### Exercise instructions:
Nothing but the line holding "fix i assume" and the lines after it, through the end of the records, should be set down, each exactly as it is.

[Given records Boundary: Start]

lemma FA_one [simp]: "fa_one \<in> FA"
  by (simp add: fa_one_def)

lemma FA_add [simp]: "f \<in> FA \<Longrightarrow> g \<in> FA \<Longrightarrow> fa_add f (g :: 'k::comm_ring_1 fa) \<in> FA"
  unfolding FA_iff fa_add_def by (rule finite_subset[of _ "supp f \<union> supp g"]) auto

lemma FA_diff [simp]: "f \<in> FA \<Longrightarrow> g \<in> FA \<Longrightarrow> fa_diff f (g :: 'k::comm_ring_1 fa) \<in> FA"
  unfolding FA_iff fa_diff_def by (rule finite_subset[of _ "supp f \<union> supp g"]) auto

lemma FA_smult [simp]: "f \<in> FA \<Longrightarrow> fa_smult c (f :: 'k::comm_ring_1 fa) \<in> FA"
  unfolding FA_iff fa_smult_def by (rule finite_subset[of _ "supp f"]) auto

lemma fa_mult_nonzero_split:
  fixes f g :: "'k::comm_ring_1 fa"
  assumes "fa_mult f g w \<noteq> 0"
  shows "\<exists>i\<le>length w. f (take i w) \<noteq> 0 \<and> g (drop i w) \<noteq> 0"
proof (rule ccontr)
  assume "\<not> ?thesis"
  hence "fa_mult f g w = 0" unfolding fa_mult_def by (intro sum.neutral) auto
  thus False using assms by simp
qed

lemma FA_mult [simp]:
  fixes f g :: "'k::comm_ring_1 fa"
  assumes "f \<in> FA" "g \<in> FA"
  shows "fa_mult f g \<in> FA"
proof -
  have "supp (fa_mult f g) \<subseteq> (\<lambda>(u, v). u @ v) ` (supp f \<times> supp g)"
  proof
    fix w assume "w \<in> supp (fa_mult f g)"
    then obtain i where "f (take i w) \<noteq> 0" "g (drop i w) \<noteq> 0"
      using fa_mult_nonzero_split by blast
    thus "w \<in> (\<lambda>(u, v). u @ v) ` (supp f \<times> supp g)"
      by (intro image_eqI[of _ _ "(take i w, drop i w)"]) auto
  qed
  thus ?thesis using assms unfolding FA_iff by (meson finite_SigmaI finite_imageI finite_subset)
qed

lemma fa_mult_add_left: "fa_mult (fa_add f g) h = fa_add (fa_mult f h) (fa_mult g h)"
  by (simp add: fa_mult_def fa_add_def distrib_right sum.distrib)

lemma fa_mult_add_right: "fa_mult h (fa_add f g) = fa_add (fa_mult h f) (fa_mult h g)"
  by (simp add: fa_mult_def fa_add_def distrib_left sum.distrib)

lemma fa_mult_diff_left: "fa_mult (fa_diff f g) h = fa_diff (fa_mult f h) (fa_mult g h)"
  by (simp add: fa_mult_def fa_diff_def left_diff_distrib sum_subtractf)

lemma fa_mult_diff_right: "fa_mult h (fa_diff f g) = fa_diff (fa_mult h f) (fa_mult h g)"
  by (simp add: fa_mult_def fa_diff_def right_diff_distrib sum_subtractf)

lemma fa_mult_smult_left: "fa_mult (fa_smult c f) h = fa_smult c (fa_mult f h)"
  by (simp add: fa_mult_def fa_smult_def sum_distrib_left mult.assoc)

lemma fa_mult_smult_right: "fa_mult h (fa_smult c f) = fa_smult c (fa_mult h f)"
  by (simp add: fa_mult_def fa_smult_def sum_distrib_left mult.left_commute)

lemma fa_mult_zero [simp]: "fa_mult fa_zero h = fa_zero" "fa_mult h fa_zero = fa_zero"
  by (simp_all add: fa_mult_def fa_zero_def)

lemma fa_mult_word_term:
  assumes "i \<le> length w"
  shows "(if take i w = u then 1 else 0) * (if drop i w = v then 1 else 0) =
         (if i = length u then (if w = u @ v then 1 else 0) else (0::'k::comm_ring_1))"
proof (cases "take i w = u \<and> drop i w = v")
  case True
  hence "w = u @ v" by (metis append_take_drop_id)
  moreover have "i = length u" using True assms by auto
  ultimately show ?thesis using True by simp
next
  case False
  hence "\<not> (i = length u \<and> w = u @ v)" by auto
  thus ?thesis using False by auto
qed

lemma fa_mult_word [simp]:
  "fa_mult (fa_word u) (fa_word v) = (fa_word (u @ v) :: 'k::comm_ring_1 fa)"
proof
  fix w :: "bool list"
  have "fa_mult (fa_word u) (fa_word v) w =
        (\<Sum>i\<le>length w. if i = length u then (if w = u @ v then 1 else 0) else (0::'k))"
    unfolding fa_mult_def fa_word_def by (intro sum.cong refl fa_mult_word_term) simp
  also have "\<dots> = (fa_word (u @ v) :: 'k fa) w"
    by (cases "length u \<le> length w") (auto simp: fa_word_def)
  finally show "fa_mult (fa_word u) (fa_word v) w = (fa_word (u @ v) :: 'k fa) w" .
qed

lemma fa_mult_one [simp]:
  fixes f :: "'k::comm_ring_1 fa"
  shows "fa_mult fa_one f = f" "fa_mult f fa_one = f"
proof -
  have "fa_mult fa_one f w = (\<Sum>i\<le>length w. if i = 0 then f w else 0)" for w
    unfolding fa_mult_def fa_one_def fa_word_def
  proof (intro sum.cong refl)
    fix i assume "i \<in> {..length w}"
    thus "(if take i w = [] then 1 else 0) * f (drop i w) = (if i = 0 then f w else 0)"
      by (cases "i = 0") auto
  qed
  thus "fa_mult fa_one f = f" by auto
  have "fa_mult f fa_one w = (\<Sum>i\<le>length w. if i = length w then f w else 0)" for w
    unfolding fa_mult_def fa_one_def fa_word_def by (intro sum.cong refl) auto
  thus "fa_mult f fa_one = f" by auto
qed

[Given records Boundary: End]

### Result of the exercise:
    fix i assume "i \<in> {..length w}"
    thus "(if take i w = [] then 1 else 0) * f (drop i w) = (if i = 0 then f w else 0)"
      by (cases "i = 0") auto
  qed
  thus "fa_mult fa_one f = f" by auto
  have "fa_mult f fa_one w = (\<Sum>i\<le>length w. if i = length w then f w else 0)" for w
    unfolding fa_mult_def fa_one_def fa_word_def by (intro sum.cong refl) auto
  thus "fa_mult f fa_one = f" by auto
qed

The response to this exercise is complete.